[Saved entries]
(* Let $\mathcal{M}=\{\mathcal{M}_o\}$ be a noisy $n$-qudit instrument that is applied every time a computational-basis measurement is performed. Assume all Weyl gates are implemented ideally. Run the following routine with initial state $\rho$ and sequence length $m\ge 1$: - Set $\alpha_0=0$. - For $i=1,\dots,m$: choose $\alpha_i,\beta_i\in\mathbb{Z}_d^n$ uniformly and independently at random; apply the gate $Z^{\beta_i}X^{\alpha_{i-1}-\alpha_i}$; measure with $\mathcal{M}$, obtaining outcome $o_i$; set $k_i=\alpha_i+o_i$. - Return $\vec k=(k_1,\dots,k_m)$. Then for every $\vec k\in(\mathbb{Z}_d^n)^m$, the probability that the routine returns $\vec k$ is $$\Pr(\vec k)=\operatorname{tr}\big(\hat{\mathcal{M}}_{k_m}\circ\cdots\circ\hat{\mathcal{M}}_{k_1}(\rho)\big),$$ where $\hat{\mathcal{M}}$ is the randomly compiled version of $\mathcal{M}$.
   Context: Let $d,n$ be positive integers, with arithmetic on $\mathbb{Z}_d^n$ modulo $d$. Let $X^x=\sum_j|j+x\rangle\langle j|$ and $Z^z=\sum_j e^{2\pi i z\cdot j/d}|j\rangle\langle j|$. For an operator $A$, $\mathcal{A}(\rho)=A\rho A^\dagger$. An instrument $\{\mathcal{M}_o\}_{o\in\mathbb{Z}_d^n}$ is a family of completely positive trace-non-increasing maps summing to a trace-preserving map. Measuring a state $\sigma$ with it yields outcome $o$ with probability $\operatorname{tr}\mathcal{M}_o(\sigma)$ and post-measurement state $\mathcal{M}_o(\sigma)/\operatorname{tr}\mathcal{M}_o(\sigma)$. The randomly compiled version of $\mathcal{M}$ is $$\hat{\mathcal{M}}_k=d^{-3n}\sum_{a,b,x}\mathcal{X}^{x}\circ\mathcal{Z}^{a}\circ\mathcal{M}_{k-x}\circ\mathcal{Z}^{b}\circ\mathcal{X}^{-x}.$$ *)

theory Defs
  imports Complex_Main
begin

text \<open>Operators on the d^n-dimensional Hilbert space spanned by the basis kets |j>, j in Z_d^n,
  are represented by their matrix entries, as functions of (row index, column index).\<close>

type_synonym op = "nat list \<Rightarrow> nat list \<Rightarrow> complex"

definition Zdn :: "nat \<Rightarrow> nat \<Rightarrow> nat list set" where
  "Zdn d n = {j. length j = n \<and> (\<forall>a\<in>set j. a < d)}"

definition vzero :: "nat \<Rightarrow> nat list" where
  "vzero n = replicate n 0"
lemma Re_self_add: "Re (ip (x + y) (x + y)) = Re (ip x x) + 2 * Re (ip x y) + Re (ip y y)"
  by (simp add: add_left add_right Re_conj_sym[of y x])

lemma Re_self_diff: "Re (ip (x - y) (x - y)) = Re (ip x x) - 2 * Re (ip x y) + Re (ip y y)"
  by (simp add: diff_left diff_right Re_conj_sym[of y x])

lemma snorm_triangle: "snorm (x + y) \<le> snorm x + snorm y"
proof -
  have "(snorm (x + y))\<^sup>2 = (snorm x)\<^sup>2 + 2 * Re (ip x y) + (snorm y)\<^sup>2"
    by (simp add: snorm_power2 Re_self_add)
  also have "\<dots> \<le> (snorm x + snorm y)\<^sup>2"
    using Re_le_snorm_mult[of x y] by (simp add: power2_sum)
  finally show ?thesis by (rule power2_le_imp_le) simp
qed

lemma snorm_diff_le: "snorm (x - y) \<le> snorm x + snorm y"
  using snorm_triangle[of x "- y"] by (simp add: snorm_minus)

lemma parallelogram_law:
  "(snorm (x + y))\<^sup>2 + (snorm (x - y))\<^sup>2 = 2 * (snorm x)\<^sup>2 + 2 * (snorm y)\<^sup>2"
  by (simp add: snorm_power2 Re_self_add Re_self_diff)

lemma hermitianD: "hermitian Z \<Longrightarrow> ip (Z u) v = ip u (Z v)"
  by (simp add: hermitian_def)

lemma hermitian_Im_self: "hermitian Z \<Longrightarrow> Im (ip (Z u) u) = 0"
  using conj_sym[of u "Z u"] by (metis cnj.simps(2) hermitianD neg_equal_zero)

lemma hermitian_add: "hermitian X \<Longrightarrow> hermitian Y \<Longrightarrow> hermitian (\<lambda>u. X u + Y u)"
  by (simp add: hermitian_def add_left add_right)

lemma hermitian_part:
  assumes X: "\<And>u v. ip (X u) v = (ip (Z u) v + ip u (Z v)) / 2"
  shows "hermitian X" and "ip (X v) v = complex_of_real (Re (ip (Z v) v))"
proof -
  show "hermitian X"
  proof (unfold hermitian_def, intro allI)
    fix u v
    have "ip u (X v) = cnj (ip (X v) u)" by (rule conj_sym)
    also have "\<dots> = (cnj (ip (Z v) u) + cnj (ip v (Z u))) / 2" by (simp add: X)
    also have "cnj (ip (Z v) u) = ip u (Z v)" by (rule conj_sym[symmetric])
    also have "cnj (ip v (Z u)) = ip (Z u) v" by (rule conj_sym[symmetric])
    finally show "ip (X u) v = ip u (X v)" by (simp add: X add.commute)
  qed
  have "ip v (Z v) = cnj (ip (Z v) v)" by (rule conj_sym)
  then show "ip (X v) v = complex_of_real (Re (ip (Z v) v))"
    by (simp add: X complex_eq_iff)
qed

lemma hermitian_Re_le:
  assumes Z: "clinear Z" and sa: "hermitian Z"
    and bound: "\<And>u. cmod (ip (Z u) u) \<le> c * (snorm u)\<^sup>2"
  shows "2 * Re (ip (Z u) v) \<le> c * ((snorm u)\<^sup>2 + (snorm v)\<^sup>2)"
proof -
  have "Re (ip (Z v) u) = Re (ip (Z u) v)"
    using hermitianD[OF sa, of v u] Re_conj_sym by simp
  then have "4 * Re (ip (Z u) v) = Re (ip (Z (u + v)) (u + v)) - Re (ip (Z (u - v)) (u - v))"
    by (simp add: clinear_add[OF Z] clinear_diff[OF Z] add_left add_right diff_left diff_right)
  also have "\<dots> \<le> c * (snorm (u + v))\<^sup>2 + c * (snorm (u - v))\<^sup>2"
    using bound[of "u + v"] bound[of "u - v"] abs_Re_le_cmod[of "ip (Z (u + v)) (u + v)"]
      abs_Re_le_cmod[of "ip (Z (u - v)) (u - v)"] by linarith
  also have "\<dots> = c * ((snorm (u + v))\<^sup>2 + (snorm (u - v))\<^sup>2)"
    by (simp add: distrib_left)
  also have "\<dots> = 2 * c * ((snorm u)\<^sup>2 + (snorm v)\<^sup>2)"
    by (simp only: parallelogram_law) (simp add: algebra_simps)
  finally show ?thesis by simp
qed

lemma hermitian_snorm_le:
  assumes Z: "clinear Z" and sa: "hermitian Z" and c: "0 \<le> c"
    and bound: "\<And>u. cmod (ip (Z u) u) \<le> c * (snorm u)\<^sup>2"
  shows "snorm (Z u) \<le> c * snorm u"
proof -
  define N where "N = snorm (Z u)"
  define U where "U = snorm u"
  \<comment> \<open>test \<open>hermitian_Re_le\<close> against \<open>v = t Z u\<close>; \<open>t = 1 / c\<close> is optimal\<close>
  have test: "2 * (t * N\<^sup>2) \<le> c * (U\<^sup>2 + t\<^sup>2 * N\<^sup>2)" for t
  proof -
    have "Re (ip (Z u) (scaleR t (Z u))) = t * N\<^sup>2"
      by (simp add: scaleR_right N_def snorm_power2)
    moreover have "(snorm (scaleR t (Z u)))\<^sup>2 = t\<^sup>2 * N\<^sup>2"
      by (simp add: snorm_scaleR N_def power_mult_distrib)
    ultimately show ?thesis
      using hermitian_Re_le[OF Z sa bound, of u "scaleR t (Z u)"] by (simp add: U_def)
  qed
  show ?thesis
  proof (cases "c = 0")
    case True
    then have "N\<^sup>2 \<le> 0" using test[of 1] by simp
    then show ?thesis using True by (simp add: N_def)
  next
    case False
    then have c: "0 < c" using c by simp
    have "2 * N\<^sup>2 = c * (2 * ((1 / c) * N\<^sup>2))" using c by simp
    also have "\<dots> \<le> c * (c * (U\<^sup>2 + (1 / c)\<^sup>2 * N\<^sup>2))"
      using test[of "1 / c"] c by (intro mult_left_mono) auto
    also have "\<dots> = c\<^sup>2 * U\<^sup>2 + N\<^sup>2"
      using c by (simp add: power2_eq_square distrib_left)
    finally have "2 * N\<^sup>2 \<le> c\<^sup>2 * U\<^sup>2 + N\<^sup>2" .
    then have "N\<^sup>2 \<le> (c * U)\<^sup>2" by (simp add: power_mult_distrib)
    then have "N \<le> c * U" by (rule power2_le_imp_le) (use c in \<open>simp add: U_def\<close>)
    then show ?thesis by (simp add: N_def U_def)
  qed
qed

lemma hermitian_snorm_bound:
  assumes R: "hermitian R" and c: "0 \<le> c" and dominated: "\<And>y. snorm y \<le> c * N y"
    and L: "0 \<le> L" and bounded: "\<And>y. N (R y) \<le> L * N y"
  shows "snorm (R x) \<le> L * snorm x"
proof -
  define f where "f k = snorm ((R ^^ k) x)" for k
  have log_convex: "(f (Suc k))\<^sup>2 \<le> f (Suc (Suc k)) * f k" for k
  proof -
    define v where "v = (R ^^ k) x"
    have "(f (Suc k))\<^sup>2 = Re (ip (R v) (R v))" by (simp add: f_def v_def snorm_power2)
    also have "ip (R v) (R v) = ip (R (R v)) v" by (rule hermitianD[OF R, symmetric])
    also have "Re (ip (R (R v)) v) \<le> snorm (R (R v)) * snorm v" by (rule Re_le_snorm_mult)
    finally show ?thesis by (simp add: f_def v_def)
  qed
  have iterate: "N ((R ^^ k) x) \<le> L ^ k * N x" for k
  proof (induction k)
    case (Suc k)
    have "N ((R ^^ Suc k) x) \<le> L * N ((R ^^ k) x)" using bounded by simp
    also have "\<dots> \<le> L * (L ^ k * N x)" using Suc L by (rule mult_left_mono)
    finally show ?case by (simp add: mult.assoc)
  qed simp
  have growth: "f k \<le> (c * N x) * L ^ k" for k
  proof -
    have "f k \<le> c * N ((R ^^ k) x)" unfolding f_def by (rule dominated)
    also have "\<dots> \<le> c * (L ^ k * N x)" using iterate c by (rule mult_left_mono)
    finally show ?thesis by (simp add: mult_ac)
  qed
  have "f 1 \<le> L * f 0"
    by (rule log_convex_ratio_le[OF _ log_convex L growth]) (simp add: f_def)
  then show ?thesis by (simp add: f_def)
qed

lemma cmod_le_of_unit_bound:
  assumes Z: "clinear Z" and unit: "\<And>u. snorm u = 1 \<Longrightarrow> cmod (ip (Z u) u) \<le> w"
  shows "cmod (ip (Z u) u) \<le> w * (snorm u)\<^sup>2"
proof (cases "snorm u = 0")
  case True
  then show ?thesis using Cauchy_Schwarz[of "Z u" u] by simp
next
  case False
  then have pos: "0 < snorm u" using snorm_nonneg[of u] by linarith
  define u' where "u' = scaleR (1 / snorm u) u"
  have "snorm u' = 1" using pos by (simp add: u'_def snorm_scaleR)
  then have "cmod (ip (Z u') u') \<le> w" by (rule unit)
  moreover have "ip (Z u') u' = complex_of_real ((1 / snorm u)\<^sup>2) * ip (Z u) u"
    by (simp add: u'_def clinear_scaleR[OF Z] scaleR_left scaleR_right power2_eq_square)
  ultimately have "(1 / snorm u)\<^sup>2 * cmod (ip (Z u) u) \<le> w"
    by (simp only: norm_mult norm_of_real) simp
  then show ?thesis using pos by (simp add: field_simps power2_eq_square)
qed

lemma snorm_le_of_unit_bound:
  assumes Z: "clinear Z" and unit: "\<And>u. snorm u = 1 \<Longrightarrow> snorm (Z u) \<le> w"
    and null: "\<And>u. snorm u = 0 \<Longrightarrow> snorm (Z u) = 0" and w: "0 \<le> w"
  shows "snorm (Z u) \<le> w * snorm u"
proof (cases "snorm u = 0")
  case True
  then show ?thesis using null by simp
next
  case False
  then have pos: "0 < snorm u" using snorm_nonneg[of u] by linarith
  define u' where "u' = scaleR (1 / snorm u) u"
  have "snorm u' = 1" using pos by (simp add: u'_def snorm_scaleR)
  then have "snorm (Z u') \<le> w" by (rule unit)
  moreover have "snorm (Z u') = (1 / snorm u) * snorm (Z u)"
    using pos by (simp add: u'_def clinear_scaleR[OF Z] snorm_scaleR)
  ultimately show ?thesis using pos by (simp add: field_simps)
qed

lemma cmod_le_numrad:
  assumes "snorm u = 1" and "\<And>x. snorm x = 1 \<Longrightarrow> cmod (ip (Z x) x) \<le> K"
  shows "cmod (ip (Z u) u) \<le> numrad Z"
  unfolding numrad_def by (rule cSup_upper) (use assms in \<open>auto intro!: bdd_aboveI[where M = K]\<close>)
(* Assume (A1)–(A4) below. Let $\gamma<\min(H,\hat H)$ and $1/p\in(1/3,\gamma)$. Then for all $0\le s<t\le T$ and all $\epsilon\in(0,1]$, $$\|X^\epsilon_t-X^\epsilon_s\|\le C_2(t-s)^\gamma,$$ where $C_2>0$ depends on $C_1, C_p, C_f, C_h, \|f\|_\infty$ and $|||\boldsymbol{\omega_1}|||_{\gamma,[0,T]}$, but is independent of $\epsilon$.
   Context: $T>0$, $H,\hat H\in(1/3,1/2]$, $q=p/2$. $\omega_1$ is a sample path of a $d_1$-dimensional FBM with Hurst index $H$, lifted to the geometric rough path $\boldsymbol{\omega_1}=(\omega_1,\mathbb{W}_1)$ ($\mathbb{W}^{i,j}_{1,s,t}=\int_s^t(\omega_1^i(r)-\omega_1^i(s))d\omega_1^j(r)$, $i\ne j$; $\mathbb{W}^{i,i}_{1,s,t}=(\omega_1^i(t)-\omega_1^i(s))^2/2$), which is a $\gamma$-Hölder rough path; $|||\boldsymbol{\omega_1}|||_{\gamma,I}=\sup_{s<t\in I}\frac{\|\omega_1(t)-\omega_1(s)\|}{(t-s)^\gamma}+\big(\sup_{s<t\in I}\frac{\|\mathbb{W}_{1,s,t}\|}{(t-s)^{2\gamma}}\big)^{1/2}$. $\omega_2$ is an independent two-sided $m$-dimensional FBM path with Hurst $\hat H$; $\omega_{2,\epsilon}(t)=\omega_2(t/\epsilon)$. Assumptions: (A1) $f:\mathbb{R}^n\times\mathbb{R}^m\to\mathbb{R}^n$ globally Lipschitz with constant $C_f$; (A2) $h\in C_b^3(\mathbb{R}^n,\mathcal{L}(\mathbb{R}^{d_1},\mathbb{R}^n))$, $C_h=\max\{\|h\|_\infty,\|Dh\|_\infty,\|D^2h\|_\infty,\|D^3h\|_\infty\}$; (A3) $g:\mathbb{R}^n\times\mathbb{R}^m\to\mathbb{R}^m$ globally Lipschitz; (A4) $f$ bounded with sup norm $\|f\|_\infty$. $(X^\epsilon,Y^\epsilon)$ solves on $[0,T]$: $X^\epsilon_t=X_0+\int_0^tf(X^\epsilon_r,Y^\epsilon_r)dr+\int_0^th(X^\epsilon_r)d\boldsymbol{\omega_1}(r)$ (Gubinelli rough integral, Gubinelli derivative of the integrand $Dh(X^\epsilon)h(X^\epsilon)$), $Y^\epsilon_t=Y_0+\frac1\epsilon\int_0^tg(X^\epsilon_r,Y^\epsilon_r)dr+\omega_{2,\epsilon}(t)$. $C_1$ is an $\epsilon$-independent constant with $\|X^\epsilon\|_{\infty,[0,T]}+|||X^\epsilon|||_{p\text{-var},[0,T]}+|||R^{X^\epsilon}|||_{q\text{-var},[0,T]^2}\le C_1$, where $R^{X}_{s,t}=X_t-X_s-h(X_s)(\omega_1(t)-\omega_1(s))$. $C_p>1$ is the $p$-dependent constant of the rough-integral sewing estimate $\|\int_s^ty_ud\boldsymbol{\omega_1}-y_s\omega_{1,s,t}-y'_s\mathbb{W}_{1,s,t}\|\le C_p(|||\omega_1|||_{p\text{-var},[s,t]}|||R^y|||_{q\text{-var},[s,t]^2}+|||y'|||_{p\text{-var},[s,t]}|||\mathbb{W}_1|||_{q\text{-var},[s,t]^2})$. *)

theory Defs
  imports "HOL-Analysis.Analysis"
begin

definition is_partition :: "(nat \<Rightarrow> real) \<Rightarrow> nat \<Rightarrow> real \<Rightarrow> real \<Rightarrow> bool" where
  "is_partition u k s t \<longleftrightarrow> u 0 = s \<and> u k = t \<and> (\<forall>i<k. u i < u (Suc i))"

definition pvar_sums :: "(real \<Rightarrow> 'a::real_normed_vector) \<Rightarrow> real \<Rightarrow> real \<Rightarrow> real \<Rightarrow> real set" where
  "pvar_sums x p s t =
     {(\<Sum>i<k. norm (x (u (Suc i)) - x (u i)) powr p) | u k. is_partition u k s t}"

definition finite_pvar :: "(real \<Rightarrow> 'a::real_normed_vector) \<Rightarrow> real \<Rightarrow> real \<Rightarrow> real \<Rightarrow> bool" where
  "finite_pvar x p s t \<longleftrightarrow> bdd_above (pvar_sums x p s t)"

text \<open>The p-variation seminorm |||x|||_{p-var,[s,t]} (meaningful when finite_pvar holds).\<close>
definition pvar :: "(real \<Rightarrow> 'a::real_normed_vector) \<Rightarrow> real \<Rightarrow> real \<Rightarrow> real \<Rightarrow> real" where
  "pvar x p s t = (Sup (pvar_sums x p s t)) powr (1 / p)"

definition qvar2_sums :: "(real \<Rightarrow> real \<Rightarrow> 'a::real_normed_vector) \<Rightarrow> real \<Rightarrow> real \<Rightarrow> real \<Rightarrow> real set" where
  "qvar2_sums R q s t =
     {(\<Sum>i<k. norm (R (u i) (u (Suc i))) powr q) | u k. is_partition u k s t}"

definition finite_qvar2 :: "(real \<Rightarrow> real \<Rightarrow> 'a::real_normed_vector) \<Rightarrow> real \<Rightarrow> real \<Rightarrow> real \<Rightarrow> bool" where
  "finite_qvar2 R q s t \<longleftrightarrow> bdd_above (qvar2_sums R q s t)"

definition qvar2 :: "(real \<Rightarrow> real \<Rightarrow> 'a::real_normed_vector) \<Rightarrow> real \<Rightarrow> real \<Rightarrow> real \<Rightarrow> real" where
  "qvar2 R q s t = (Sup (qvar2_sums R q s t)) powr (1 / q)"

* Directions: Please reproduce, exactly as they appear above, the lines from the line containing "using hermitian_Re_le[OF Z" up to and including the line containing "(c * (U\<^sup>2".

* Exercise solution:
      using hermitian_Re_le[OF Z sa bound, of u "scaleR t (Z u)"] by (simp add: U_def)
  qed
  show ?thesis
  proof (cases "c = 0")
    case True
    then have "N\<^sup>2 \<le> 0" using test[of 1] by simp
    then show ?thesis using True by (simp add: N_def)
  next
    case False
    then have c: "0 < c" using c by simp
    have "2 * N\<^sup>2 = c * (2 * ((1 / c) * N\<^sup>2))" using c by simp
    also have "\<dots> \<le> c * (c * (U\<^sup>2 + (1 / c)\<^sup>2 * N\<^sup>2))"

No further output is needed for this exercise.